Check every line below, and copy those that include "lattice".

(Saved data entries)
BEGIN

definition L2fun :: "'z measure \<Rightarrow> ('z \<Rightarrow> real) set" where
  "L2fun M = {s. s \<in> borel_measurable M \<and> integrable M (\<lambda>z. (s z)\<^sup>2)}"

definition L2norm :: "'z measure \<Rightarrow> ('z \<Rightarrow> real) \<Rightarrow> real" where
  "L2norm M s = sqrt (\<integral>z. (s z)\<^sup>2 \<partial>M)"

definition dominated_model :: "'z::polish_space measure \<Rightarrow> 'z measure set \<Rightarrow> bool" where
  "dominated_model lam PP \<longleftrightarrow> sigma_finite_measure lam \<and> sets lam = sets borel \<and>
     (\<forall>Q\<in>PP. prob_space Q \<and> sets Q = sets borel \<and> absolutely_continuous lam Q)"

text \<open>Hellinger-differentiable submodels through P with score s:
  a family Pe e, e in [0,delta), contained in the model, with
  norm_{L2(lam)}(sqrt p_e - sqrt p - e s sqrt p / 2) = o(e) as e -> 0+,
  where densities are the Radon-Nikodym derivatives w.r.t. lam.\<close>
definition submodels ::
  "'z::polish_space measure \<Rightarrow> 'z measure \<Rightarrow> 'z measure set \<Rightarrow> ('z \<Rightarrow> real)
     \<Rightarrow> (real \<times> (real \<Rightarrow> 'z measure)) set" where
  "submodels lam P PP s = {(\<delta>, Pe). \<delta> > 0 \<and> (\<forall>e\<in>{0..<\<delta>}. Pe e \<in> PP) \<and>
     (\<forall>c>0. eventually (\<lambda>e.
        (\<integral>\<^sup>+ z. ennreal ((sqrt (enn2real (RN_deriv lam (Pe e) z))
                          - sqrt (enn2real (RN_deriv lam P z))
                          - e * s z * sqrt (enn2real (RN_deriv lam P z)) / 2)\<^sup>2) \<partial>lam)
        \<le> ennreal ((c * e)\<^sup>2)) (at_right 0))}"
definition s_continuous_ia ::
  "('a \<Rightarrow> 'a \<Rightarrow> 'a) \<Rightarrow> ('a \<Rightarrow> 'd::{lattice,order_top} \<Rightarrow> 'a) \<Rightarrow> 'a \<Rightarrow> bool" where
  "s_continuous_ia comb foc e \<longleftrightarrow>
     (\<exists>G. e \<in> G \<and> (\<forall>a\<in>G. \<forall>b\<in>G. comb a b \<in> G) \<and>
        (\<forall>X. X \<subseteq> G \<and> info_directed comb X \<longrightarrow> (\<exists>s. info_lub comb X s)) \<and>
        (\<forall>phi x. info_lub comb {psi \<in> G. foc psi x = psi \<and> way_below comb psi phi} (foc phi x)))"

end

theory Submission
  imports Defs
begin

text \<open>A basis \<open>\<Gamma>\<close> itself serves as \<open>\<Upsilon>\<close>: since \<open>e \<ll> \<phi>\<close> always holds and the elements way below \<open>\<phi>\<close>
  are closed under combination, the approximating subsets of \<open>\<Gamma>\<close> are directed.
  Conversely, \<open>\<Upsilon>\<close> need not be closed under combination, so take all of \<open>\<Phi>\<close> as the basis.
  Every directed \<open>X \<subseteq> \<Phi>\<close> then has a supremum, namely that of the directed set of all \<open>\<psi> \<in> \<Upsilon>\<close> way
  below some element of \<open>X\<close>; and the way-below set of \<open>\<phi>\<close> in \<open>\<Phi>\<close> lies between that in \<open>\<Upsilon>\<close> and \<open>\<phi>\<close>,
  so it has the same supremum. For s-continuity, (SD2) at the top of \<open>D\<close> gives (D2).\<close>

definition has_directed_sups :: "('a \<Rightarrow> 'a \<Rightarrow> 'a) \<Rightarrow> 'a set \<Rightarrow> bool" where
  "has_directed_sups comb U \<longleftrightarrow>
     (\<forall>X. X \<subseteq> U \<and> info_directed comb X \<longrightarrow> (\<exists>s. info_lub comb X s))"

definition approximates :: "('a \<Rightarrow> 'a \<Rightarrow> 'a) \<Rightarrow> 'a set \<Rightarrow> bool" where
  "approximates comb U \<longleftrightarrow>
     (\<forall>phi. info_directed comb {psi \<in> U. way_below comb psi phi} \<and>
            info_lub comb {psi \<in> U. way_below comb psi phi} phi)"

definition s_approximates :: "('a \<Rightarrow> 'a \<Rightarrow> 'a) \<Rightarrow> ('a \<Rightarrow> 'd \<Rightarrow> 'a) \<Rightarrow> 'a set \<Rightarrow> bool" where
  "s_approximates comb foc U \<longleftrightarrow>
     (\<forall>phi x. info_directed comb {psi \<in> U. psi = foc psi x \<and> way_below comb psi phi} \<and>
              info_lub comb {psi \<in> U. psi = foc psi x \<and> way_below comb psi phi} (foc phi x))"

lemma info_lub_superset:
  assumes "info_lub comb A s" "A \<subseteq> B" "\<forall>b\<in>B. info_le comb b s"
  shows "info_lub comb B s"
  using assms unfolding info_lub_def by blast

locale info_alg =
  fixes comb :: "'a \<Rightarrow> 'a \<Rightarrow> 'a" and foc :: "'a \<Rightarrow> 'd::{lattice,order_top} \<Rightarrow> 'a" and e :: 'a
  assumes info_algebra: "info_algebra comb foc e"
begin

lemma comb_assoc: "comb (comb a b) c = comb a (comb b c)"
  using info_algebra unfolding info_algebra_def by blast

lemma comb_commute: "comb a b = comb b a"
  using info_algebra unfolding info_algebra_def by blast

lemma comb_neutral: "comb a e = a"
  using info_algebra unfolding info_algebra_def by blast

lemma foc_foc: "foc (foc psi y) x = foc psi (inf x y)"
  using info_algebra unfolding info_algebra_def by blast

lemma foc_comb_foc: "foc (comb (foc phi x) psi) x = comb (foc phi x) (foc psi x)"
  using info_algebra unfolding info_algebra_def by blast

lemma foc_support: "\<exists>x. foc psi x = psi"
  using info_algebra unfolding info_algebra_def by blast

lemma comb_foc_absorb: "comb psi (foc psi x) = psi"
  using info_algebra unfolding info_algebra_def by blast

lemma comb_idem: "comb a a = a"
  by (metis comb_foc_absorb foc_support)

lemma info_le_refl: "info_le comb a a"
  by (simp add: info_le_def comb_idem)

lemma info_le_trans: "info_le comb a b \<Longrightarrow> info_le comb b c \<Longrightarrow> info_le comb a c"
  unfolding info_le_def by (metis comb_assoc)

lemma e_info_le: "info_le comb e a"
  unfolding info_le_def by (metis comb_commute comb_neutral)

lemma info_le_comb1: "info_le comb a (comb a b)"
  unfolding info_le_def by (metis comb_assoc comb_idem)

lemma info_le_comb2: "info_le comb b (comb a b)"
  using info_le_comb1 comb_commute by metis

lemma comb_info_le: "info_le comb a c \<Longrightarrow> info_le comb b c \<Longrightarrow> info_le comb (comb a b) c"
  unfolding info_le_def by (metis comb_assoc)

lemma foc_info_le: "info_le comb (foc psi x) psi"
  unfolding info_le_def by (metis comb_commute comb_foc_absorb)

lemma foc_mono:
  assumes "info_le comb psi phi"
  shows "info_le comb (foc psi x) (foc phi x)"
proof -
  have "comb (foc psi x) phi = phi"
    using assms foc_info_le info_le_trans unfolding info_le_def by metis
  then have "comb (foc psi x) (foc phi x) = foc phi x"
    using foc_comb_foc[of psi x phi] by simp
  then show ?thesis
    unfolding info_le_def .
qed

lemma foc_e: "foc e x = e"
  by (metis comb_commute comb_foc_absorb comb_neutral)

lemma foc_top: "foc phi top = phi"
proof -
  obtain y where "foc phi y = phi"
    using foc_support by blast
  then show ?thesis
    using foc_foc[of phi y top] inf_absorb2[OF top_greatest, of y] by simp
qed

lemma foc_comb_fixed: "foc a x = a \<Longrightarrow> foc b x = b \<Longrightarrow> foc (comb a b) x = comb a b"
  using foc_comb_foc[of a x b] by simp

lemma way_below_imp_info_le:
  assumes "way_below comb a b"
  shows "info_le comb a b"
proof -
  have "info_directed comb {b}" "info_lub comb {b} b"
    by (simp_all add: info_directed_def info_lub_def info_le_refl)
  then show ?thesis
    using assms info_le_refl unfolding way_below_def by blast
qed

lemma way_below_info_le_trans: "way_below comb a b \<Longrightarrow> info_le comb b c \<Longrightarrow> way_below comb a c"
  unfolding way_below_def by (meson info_le_trans)

lemma e_way_below: "way_below comb e b"
  unfolding way_below_def info_directed_def using e_info_le by blast

lemma way_below_comb:
  assumes "way_below comb a p" "way_below comb b p"
  shows "way_below comb (comb a b) p"
  unfolding way_below_def
proof (intro allI impI)
  fix X s
  assume X: "info_directed comb X \<and> info_lub comb X s \<and> info_le comb p s"
  obtain c1 c2 where "c1 \<in> X" "info_le comb a c1" "c2 \<in> X" "info_le comb b c2"
    using assms X unfolding way_below_def by meson
  moreover obtain c3 where "c3 \<in> X" "info_le comb c1 c3" "info_le comb c2 c3"
    using X calculation unfolding info_directed_def by blast
  ultimately show "\<exists>c\<in>X. info_le comb (comb a b) c"
    by (meson comb_info_le info_le_trans)
qed

lemma directed_way_below_restricted:
  assumes "e \<in> G" "\<forall>a\<in>G. \<forall>b\<in>G. comb a b \<in> G" "P e" "\<And>a b. P a \<Longrightarrow> P b \<Longrightarrow> P (comb a b)"
  shows "info_directed comb {psi \<in> G. P psi \<and> way_below comb psi phi}"
  unfolding info_directed_def
  using assms e_way_below way_below_comb info_le_comb1 info_le_comb2 by blast

lemma directed_way_below_union:
  assumes "approximates comb U" "info_directed comb X"
  shows "info_directed comb {psi \<in> U. \<exists>x\<in>X. way_below comb psi x}"
  unfolding info_directed_def
proof (intro conjI ballI)
  obtain x where "x \<in> X" using assms(2) unfolding info_directed_def by blast
  then show "{psi \<in> U. \<exists>x\<in>X. way_below comb psi x} \<noteq> {}"
    using assms(1) unfolding approximates_def info_directed_def by blast
next
  fix a b assume "a \<in> {psi \<in> U. \<exists>x\<in>X. way_below comb psi x}" "b \<in> {psi \<in> U. \<exists>x\<in>X. way_below comb psi x}"
  then obtain x1 x2 where a: "a \<in> U" "x1 \<in> X" "way_below comb a x1"
    and b: "b \<in> U" "x2 \<in> X" "way_below comb b x2" by blast
  obtain x3 where x3: "x3 \<in> X" "info_le comb x1 x3" "info_le comb x2 x3"
    using assms(2) a b unfolding info_directed_def by blast
  then have "a \<in> {psi \<in> U. way_below comb psi x3}" "b \<in> {psi \<in> U. way_below comb psi x3}"
    using a b way_below_info_le_trans by auto
  then obtain c where "c \<in> {psi \<in> U. way_below comb psi x3}" "info_le comb a c" "info_le comb b c"
    using assms(1) unfolding approximates_def info_directed_def by blast
  then show "\<exists>c\<in>{psi \<in> U. \<exists>x\<in>X. way_below comb psi x}. info_le comb a c \<and> info_le comb b c"
    using x3 by blast
qed

lemma has_directed_sups_UNIV:
  assumes "approximates comb U" "has_directed_sups comb U"
  shows "has_directed_sups comb UNIV"
  unfolding has_directed_sups_def
proof (intro allI impI)
  fix X :: "'a set" assume "X \<subseteq> UNIV \<and> info_directed comb X"
  then have X: "info_directed comb X" ..
  define W where "W = {psi \<in> U. \<exists>x\<in>X. way_below comb psi x}"
  have "W \<subseteq> U" "info_directed comb W"
    unfolding W_def using directed_way_below_union[OF assms(1) X] by auto
  then obtain s where s: "info_lub comb W s"
    using assms(2) unfolding has_directed_sups_def by blast
  have "info_le comb x s" if "x \<in> X" for x
  proof -
    have "info_lub comb {psi \<in> U. way_below comb psi x} x"
      using assms(1) unfolding approximates_def by blast
    moreover have "{psi \<in> U. way_below comb psi x} \<subseteq> W"
      using that unfolding W_def by blast
    ultimately show ?thesis using s unfolding info_lub_def by blast
  qed
  moreover have "info_le comb s u" if u: "\<forall>x\<in>X. info_le comb x u" for u
  proof -
    have "info_le comb w u" if "w \<in> W" for w
      using that u way_below_imp_info_le info_le_trans unfolding W_def by blast
    then show ?thesis
      using s unfolding info_lub_def by blast
  qed
  ultimately show "\<exists>s. info_lub comb X s"
    unfolding info_lub_def by blast
qed

lemma continuous_imp_approximates:
  assumes "continuous_ia comb foc e"
  shows "\<exists>U. e \<in> U \<and> has_directed_sups comb U \<and> approximates comb U"
proof -
  obtain G where G: "e \<in> G" "\<forall>a\<in>G. \<forall>b\<in>G. comb a b \<in> G" "has_directed_sups comb G"
    "\<forall>phi. info_lub comb {psi \<in> G. way_below comb psi phi} phi"
    using assms unfolding continuous_ia_def has_directed_sups_def by blast
  have "info_directed comb {psi \<in> G. way_below comb psi phi}" for phi
    using directed_way_below_restricted[OF G(1,2), of "\<lambda>_. True"] by simp
  then show ?thesis
    using G unfolding approximates_def by blast
qed

lemma approximates_imp_continuous:
  assumes "e \<in> U" "has_directed_sups comb U" "approximates comb U"
  shows "continuous_ia comb foc e"
proof -
  have "info_lub comb {psi \<in> UNIV. way_below comb psi phi} phi" for phi
  proof (rule info_lub_superset)
    show "info_lub comb {psi \<in> U. way_below comb psi phi} phi"
      using assms(3) unfolding approximates_def by blast
    show "{psi \<in> U. way_below comb psi phi} \<subseteq> {psi \<in> UNIV. way_below comb psi phi}"
      by blast
    show "\<forall>psi\<in>{psi \<in> UNIV. way_below comb psi phi}. info_le comb psi phi"
      using way_below_imp_info_le by blast
  qed
  then show ?thesis
    using has_directed_sups_UNIV[OF assms(3,2)]
    unfolding continuous_ia_def has_directed_sups_def by blast
qed

lemma s_continuous_imp_s_approximates:
  assumes "s_continuous_ia comb foc e"
  shows "\<exists>U. e \<in> U \<and> has_directed_sups comb U \<and> s_approximates comb foc U"
proof -
  obtain G where G: "e \<in> G" "\<forall>a\<in>G. \<forall>b\<in>G. comb a b \<in> G" "has_directed_sups comb G"
    "\<forall>phi x. info_lub comb {psi \<in> G. foc psi x = psi \<and> way_below comb psi phi} (foc phi x)"
    using assms unfolding s_continuous_ia_def has_directed_sups_def by blast
  have "{psi \<in> G. foc psi x = psi \<and> way_below comb psi phi} =
      {psi \<in> G. psi = foc psi x \<and> way_below comb psi phi}" for phi x
    by auto
  moreover have "info_directed comb {psi \<in> G. psi = foc psi x \<and> way_below comb psi phi}" for phi x
    by (rule directed_way_below_restricted[OF G(1,2)]) (metis foc_e, metis foc_comb_fixed)
  ultimately show ?thesis
    using G unfolding s_approximates_def by auto
qed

END

SOLUTION BELOW:
  "('a \<Rightarrow> 'a \<Rightarrow> 'a) \<Rightarrow> ('a \<Rightarrow> 'd::{lattice,order_top} \<Rightarrow> 'a) \<Rightarrow> 'a \<Rightarrow> bool" where
  fixes comb :: "'a \<Rightarrow> 'a \<Rightarrow> 'a" and foc :: "'a \<Rightarrow> 'd::{lattice,order_top} \<Rightarrow> 'a" and e :: 'a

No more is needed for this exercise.